### TASK BRIEF:
Take from the data every line in which the word "that" is found.

### EXTRACTED DATA:
(* Let $H\subseteq G$ be finite groups such that the interval $[H,G]$ of the subgroup lattice of $G$ is top Boolean. Then $[H,G]$ is $H$-cyclic, i.e. there exists $g\in G$ such that $\langle H,g\rangle=G$.
   Context: The interval $[H,G]$ is the lattice of subgroups $K$ with $H\subseteq K\subseteq G$, ordered by inclusion, with $K_1\vee K_2=\langle K_1,K_2\rangle$ and $K_1\wedge K_2=K_1\cap K_2$. Coatoms of a finite lattice are the maximal elements of $L\setminus\{\hat 1\}$; if $t$ is the meet of all coatoms, the top interval of $L$ is $[t,\hat 1]$. A finite lattice is top Boolean if its top interval is a Boolean lattice (distributive, bounded, every element has a unique complement). An interval $[H,G]$ is $H$-cyclic if there exists $g\in G$ with $\langle Hg\rangle=\langle H,g\rangle=G$. *)

theory Defs
  imports "HOL-Algebra.Algebra"
begin

definition subgroup_interval :: "('a, 'b) monoid_scheme \<Rightarrow> 'a set \<Rightarrow> 'a set set" where
  "subgroup_interval G H = {K. subgroup K G \<and> H \<subseteq> K}"

definition subgroup_join :: "('a, 'b) monoid_scheme \<Rightarrow> 'a set \<Rightarrow> 'a set \<Rightarrow> 'a set" where
  "subgroup_join G K1 K2 = generate G (K1 \<union> K2)"

definition interval_coatoms :: "('a, 'b) monoid_scheme \<Rightarrow> 'a set \<Rightarrow> 'a set set" where
  "interval_coatoms G H = {K \<in> subgroup_interval G H. K \<noteq> carrier G \<and>
      (\<forall>K' \<in> subgroup_interval G H. K \<subseteq> K' \<and> K' \<noteq> carrier G \<longrightarrow> K' = K)}"

text \<open>Meet of all coatoms (the empty meet being the top element G).\<close>
definition coatom_meet :: "('a, 'b) monoid_scheme \<Rightarrow> 'a set \<Rightarrow> 'a set" where
  "coatom_meet G H = carrier G \<inter> \<Inter> (interval_coatoms G H)"

definition boolean_lattice_on ::
  "'c set \<Rightarrow> ('c \<Rightarrow> 'c \<Rightarrow> 'c) \<Rightarrow> ('c \<Rightarrow> 'c \<Rightarrow> 'c) \<Rightarrow> 'c \<Rightarrow> 'c \<Rightarrow> bool" where
  "boolean_lattice_on L jn mt bt tp \<longleftrightarrow>
     (\<forall>x\<in>L. \<forall>y\<in>L. \<forall>z\<in>L. mt x (jn y z) = jn (mt x y) (mt x z)) \<and>
     (\<forall>x\<in>L. \<forall>y\<in>L. \<forall>z\<in>L. jn x (mt y z) = mt (jn x y) (jn x z)) \<and>
     (\<forall>x\<in>L. \<exists>!y. y \<in> L \<and> jn x y = tp \<and> mt x y = bt)"

text \<open>[H,G] is top Boolean: its top interval [t,G], t the meet of the coatoms,
  is a Boolean lattice (with join = generated subgroup, meet = intersection).\<close>
definition top_boolean :: "('a, 'b) monoid_scheme \<Rightarrow> 'a set \<Rightarrow> bool" where
  "top_boolean G H \<longleftrightarrow>
     boolean_lattice_on (subgroup_interval G (coatom_meet G H))
       (subgroup_join G) (\<inter>) (coatom_meet G H) (carrier G)"

end

theory Submission
  imports Defs
begin

text \<open>If the top interval is Boolean, distributivity forces every coatom M to be joined to the
  intersection of the other coatoms to give G; hence no coatom contains the intersection of the
  others. For such an irredundant finite family of proper subgroups one builds, one subgroup at a
  time, an element g lying in none of them: if g lies in the new subgroup N, replace it by g a,
  where a lies in all the previous subgroups but not in N. Since G is finite, every proper
  subgroup containing H lies in a coatom, so \<open>\<langle>H, g\<rangle> = G\<close>.\<close>

lemma (in group) generate_subgroup_eq: "subgroup M G \<Longrightarrow> generate G M = M"
  using generateI[of M M] by blast

lemma (in group) subgroup_mult_mem_iff_right:
  assumes "subgroup M G" "x \<in> M" "y \<in> carrier G"
  shows "x \<otimes> y \<in> M \<longleftrightarrow> y \<in> M"
proof
  assume "x \<otimes> y \<in> M"
  then have "inv x \<otimes> (x \<otimes> y) \<in> M"
    by (rule subgroup.m_closed[OF assms(1) subgroup.m_inv_closed[OF assms(1,2)]])
  moreover have "inv x \<otimes> (x \<otimes> y) = y"
    using subgroup.mem_carrier[OF assms(1,2)] assms(3) by (simp add: m_assoc[symmetric])
  ultimately show "y \<in> M"
    by simp
qed (rule subgroup.m_closed[OF assms(1,2)])

lemma (in group) subgroup_mult_mem_iff_left:
  assumes "subgroup M G" "y \<in> M" "x \<in> carrier G"
  shows "x \<otimes> y \<in> M \<longleftrightarrow> x \<in> M"
proof
  assume "x \<otimes> y \<in> M"
  then have "(x \<otimes> y) \<otimes> inv y \<in> M"
    by (rule subgroup.m_closed[OF assms(1) _ subgroup.m_inv_closed[OF assms(1,2)]])
  moreover have "(x \<otimes> y) \<otimes> inv y = x"
    using subgroup.mem_carrier[OF assms(1,2)] assms(3) by (simp add: m_assoc)
  ultimately show "x \<in> M"
    by simp
next
  assume "x \<in> M"
  then show "x \<otimes> y \<in> M"
    by (rule subgroup.m_closed[OF assms(1) _ assms(2)])
qed

lemma (in group) avoid_irredundant_subgroups:
  assumes "finite S" "\<And>N. N \<in> S \<Longrightarrow> subgroup N G"
    and "\<And>N. N \<in> S \<Longrightarrow> \<exists>a \<in> carrier G. a \<notin> N \<and> (\<forall>M \<in> S - {N}. a \<in> M)"
  shows "\<exists>g \<in> carrier G. \<forall>N \<in> S. g \<notin> N"
  using assms
proof (induction S rule: finite_induct)
  case empty
  show ?case
    using one_closed by blast
next
  case (insert N S)
  have "\<exists>a \<in> carrier G. a \<notin> N' \<and> (\<forall>M \<in> S - {N'}. a \<in> M)" if "N' \<in> S" for N'
    using insert.prems(2)[of N'] that by blast
  with insert.IH insert.prems(1) obtain g where g: "g \<in> carrier G" "\<forall>M \<in> S. g \<notin> M"
    by blast
  show ?case
  proof (cases "g \<in> N")
    case False
    with g show ?thesis by blast
  next
    case True
    from insert.prems(2)[of N] insert.hyps(2) obtain a
      where a: "a \<in> carrier G" "a \<notin> N" "\<forall>M \<in> S. a \<in> M"
      by auto
    have "g \<otimes> a \<notin> M" if "M \<in> insert N S" for M
    proof -
      have M: "subgroup M G"
        using insert.prems(1) that .
      show ?thesis
      proof (cases "M = N")
        case True
        with subgroup_mult_mem_iff_right[OF M _ a(1)] \<open>g \<in> N\<close> a(2) show ?thesis
          by simp
      next
        case False
        with that have "M \<in> S"
          by simp
        with subgroup_mult_mem_iff_left[OF M _ g(1)] a(3) g(2) show ?thesis
          by simp
      qed
    qed
    with g a show ?thesis by blast
  qed
qed

lemma interval_coatomsD:
  assumes "M \<in> interval_coatoms G H"
  shows "subgroup M G" "H \<subseteq> M" "M \<noteq> carrier G"
  using assms unfolding interval_coatoms_def subgroup_interval_def by auto

lemma interval_coatoms_maximal:
  assumes "M \<in> interval_coatoms G H" "subgroup K G" "M \<subseteq> K" "K \<noteq> carrier G"
  shows "K = M"
  using assms interval_coatomsD(2)[OF assms(1)]
  unfolding interval_coatoms_def subgroup_interval_def by blast

lemma finite_interval_coatoms:
  assumes "finite (carrier G)"
  shows "finite (interval_coatoms G H)"
proof (rule finite_subset)
  show "interval_coatoms G H \<subseteq> Pow (carrier G)"
    using interval_coatomsD(1) subgroup.subset by blast
qed (use assms in simp)

lemma proper_subgroup_le_interval_coatom:
  assumes "finite (carrier G)" "subgroup K G" "H \<subseteq> K" "K \<noteq> carrier G"
  shows "\<exists>M \<in> interval_coatoms G H. K \<subseteq> M"
proof -
  define P where "P = {K'. subgroup K' G \<and> K \<subseteq> K' \<and> K' \<noteq> carrier G}"
  have "finite P"
    by (rule finite_subset[of _ "Pow (carrier G)"])
       (use assms(1) subgroup.subset in \<open>auto simp: P_def\<close>)
  moreover have "K \<in> P"
    using assms unfolding P_def by blast
  ultimately obtain M where M: "M \<in> P" "\<forall>K' \<in> P. M \<subseteq> K' \<longrightarrow> M = K'"
    using finite_has_maximal by blast
  have "K' = M" if "K' \<in> subgroup_interval G H" "M \<subseteq> K'" "K' \<noteq> carrier G" for K'
  proof -
    have "K' \<in> P"
      using that M(1) unfolding P_def subgroup_interval_def by auto
    with M(2) that(2) show ?thesis
      by blast
  qed
  with M(1) assms(3) have "M \<in> interval_coatoms G H"
    unfolding P_def interval_coatoms_def subgroup_interval_def by auto
  with M(1) show ?thesis
    unfolding P_def by blast
qed

lemma (in group) generate_union_interval_coatoms:
  assumes "M \<in> interval_coatoms G H" "N \<in> interval_coatoms G H" "M \<noteq> N"
  shows "generate G (M \<union> N) = carrier G"
proof (rule ccontr)
  assume proper: "generate G (M \<union> N) \<noteq> carrier G"
  have sub: "subgroup (generate G (M \<union> N)) G"
    using subgroup.subset[OF interval_coatomsD(1)[OF assms(1)]]
      subgroup.subset[OF interval_coatomsD(1)[OF assms(2)]]
    by (intro generate_is_subgroup) simp
  have incl: "M \<subseteq> generate G (M \<union> N)" "N \<subseteq> generate G (M \<union> N)"
    by (auto intro: generate.incl)
  have "generate G (M \<union> N) = M" "generate G (M \<union> N) = N"
    using interval_coatoms_maximal[OF assms(1) sub incl(1) proper]
      interval_coatoms_maximal[OF assms(2) sub incl(2) proper] by simp_all
  with assms(3) show False by simp
qed

lemma (in group) Inter_interval_coatoms_in_top_interval:
  assumes "S \<subseteq> interval_coatoms G H"
  shows "carrier G \<inter> \<Inter> S \<in> subgroup_interval G (coatom_meet G H)"
proof -
  have "subgroup (\<Inter> (insert (carrier G) S)) G"
    using assms interval_coatomsD(1) subgroup_self by (intro subgroups_Inter) auto
  moreover have "coatom_meet G H \<subseteq> carrier G \<inter> \<Inter> S"
    using assms unfolding coatom_meet_def by blast
  ultimately show ?thesis
    unfolding subgroup_interval_def by (simp add: Int_commute)
qed

lemma (in group) interval_coatom_in_top_interval:
  assumes "M \<in> interval_coatoms G H"
  shows "M \<in> subgroup_interval G (coatom_meet G H)"
proof -
  have "carrier G \<inter> \<Inter> {M} = M"
    using interval_coatomsD(1)[OF assms] subgroup.subset by blast
  then show ?thesis
    using Inter_interval_coatoms_in_top_interval[of "{M}" H] assms by simp
qed

lemma top_boolean_generate_distrib:
  assumes "top_boolean G H"
    and "K1 \<in> subgroup_interval G (coatom_meet G H)"
    and "K2 \<in> subgroup_interval G (coatom_meet G H)"
    and "K3 \<in> subgroup_interval G (coatom_meet G H)"
  shows "generate G (K1 \<union> (K2 \<inter> K3)) = generate G (K1 \<union> K2) \<inter> generate G (K1 \<union> K3)"
  using assms unfolding top_boolean_def boolean_lattice_on_def subgroup_join_def by blast

lemma (in group) generate_interval_coatom_meet_others:
  assumes "top_boolean G H" "finite S" "S \<subseteq> interval_coatoms G H"
    "M \<in> interval_coatoms G H" "M \<notin> S"
  shows "generate G (M \<union> (carrier G \<inter> \<Inter> S)) = carrier G"
  using assms(2-)
proof (induction S rule: finite_induct)
  case empty
  then have "M \<union> (carrier G \<inter> \<Inter> {}) = carrier G"
    using interval_coatomsD(1) subgroup.subset by blast
  then show ?case
    using generate_subgroup_eq subgroup_self by simp
next
  case (insert N S)
  have N: "N \<in> interval_coatoms G H" "N \<noteq> M"
    using insert.prems by auto
  have meet: "carrier G \<inter> \<Inter> (insert N S) = N \<inter> (carrier G \<inter> \<Inter> S)"
    by auto
  have "generate G (M \<union> (N \<inter> (carrier G \<inter> \<Inter> S)))
      = generate G (M \<union> N) \<inter> generate G (M \<union> (carrier G \<inter> \<Inter> S))"
    using insert.prems N(1) by (intro top_boolean_generate_distrib[OF assms(1)]
        interval_coatom_in_top_interval Inter_interval_coatoms_in_top_interval) auto
  also have "\<dots> = carrier G"
    using generate_union_interval_coatoms[OF insert.prems(2) N(1) N(2)[symmetric]]
      insert.IH insert.prems by auto
  finally show ?case
    by (simp only: meet)
qed

lemma (in group) top_boolean_interval_coatoms_irredundant:
  assumes "top_boolean G H" "finite (carrier G)" "N \<in> interval_coatoms G H"
  shows "\<exists>a \<in> carrier G. a \<notin> N \<and> (\<forall>M \<in> interval_coatoms G H - {N}. a \<in> M)"
proof -
  let ?others = "carrier G \<inter> \<Inter> (interval_coatoms G H - {N})"
  have "generate G (N \<union> ?others) = carrier G"
    using assms finite_interval_coatoms
    by (intro generate_interval_coatom_meet_others) auto
  moreover have "generate G (N \<union> ?others) = N" if "?others \<subseteq> N"
    using that generate_subgroup_eq[OF interval_coatomsD(1)[OF assms(3)]]
    by (simp add: sup.absorb1)
  ultimately have "\<not> ?others \<subseteq> N"
    using interval_coatomsD(3)[OF assms(3)] by auto
  then show ?thesis
    by blast
qed

theorem theorem3p2:
  fixes G :: "('a, 'b) monoid_scheme" and H :: "'a set"
  assumes "group G" and "finite (carrier G)" and "subgroup H G"
    and "top_boolean G H"
  shows "\<exists>g \<in> carrier G. generate G (H \<union> {g}) = carrier G"
proof -
  interpret group G by fact
  have "\<exists>g \<in> carrier G. \<forall>M \<in> interval_coatoms G H. g \<notin> M"
    by (rule avoid_irredundant_subgroups[OF finite_interval_coatoms[OF assms(2)]])
       (simp_all add: interval_coatomsD(1) top_boolean_interval_coatoms_irredundant[OF assms(4,2)])
  then obtain g where g: "g \<in> carrier G" "\<And>M. M \<in> interval_coatoms G H \<Longrightarrow> g \<notin> M"
    by auto
  let ?K = "generate G (H \<union> {g})"
  have sub: "subgroup ?K G"
    using g(1) subgroup.subset[OF assms(3)] by (intro generate_is_subgroup) simp
  have H: "H \<subseteq> ?K" and "g \<in> ?K"
    by (auto intro: generate.incl)
  have "?K = carrier G"
  proof (rule ccontr)
    assume "?K \<noteq> carrier G"
    then obtain M where "M \<in> interval_coatoms G H" "?K \<subseteq> M"
      using proper_subgroup_le_interval_coatom[OF assms(2) sub H] by auto
    with g(2) \<open>g \<in> ?K\<close> show False
      by auto
  qed
  with g(1) show ?thesis
    by auto
qed

end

### RESPONSE BOX:
(* Let $H\subseteq G$ be finite groups such that the interval $[H,G]$ of the subgroup lattice of $G$ is top Boolean. Then $[H,G]$ is $H$-cyclic, i.e. there exists $g\in G$ such that $\langle H,g\rangle=G$.
    using insert.prems(2)[of N'] that by blast
        using insert.prems(1) that .
        with that have "M \<in> S"
      using that M(1) unfolding P_def subgroup_interval_def by auto
    with M(2) that(2) show ?thesis
    using that generate_subgroup_eq[OF interval_coatomsD(1)[OF assms(3)]]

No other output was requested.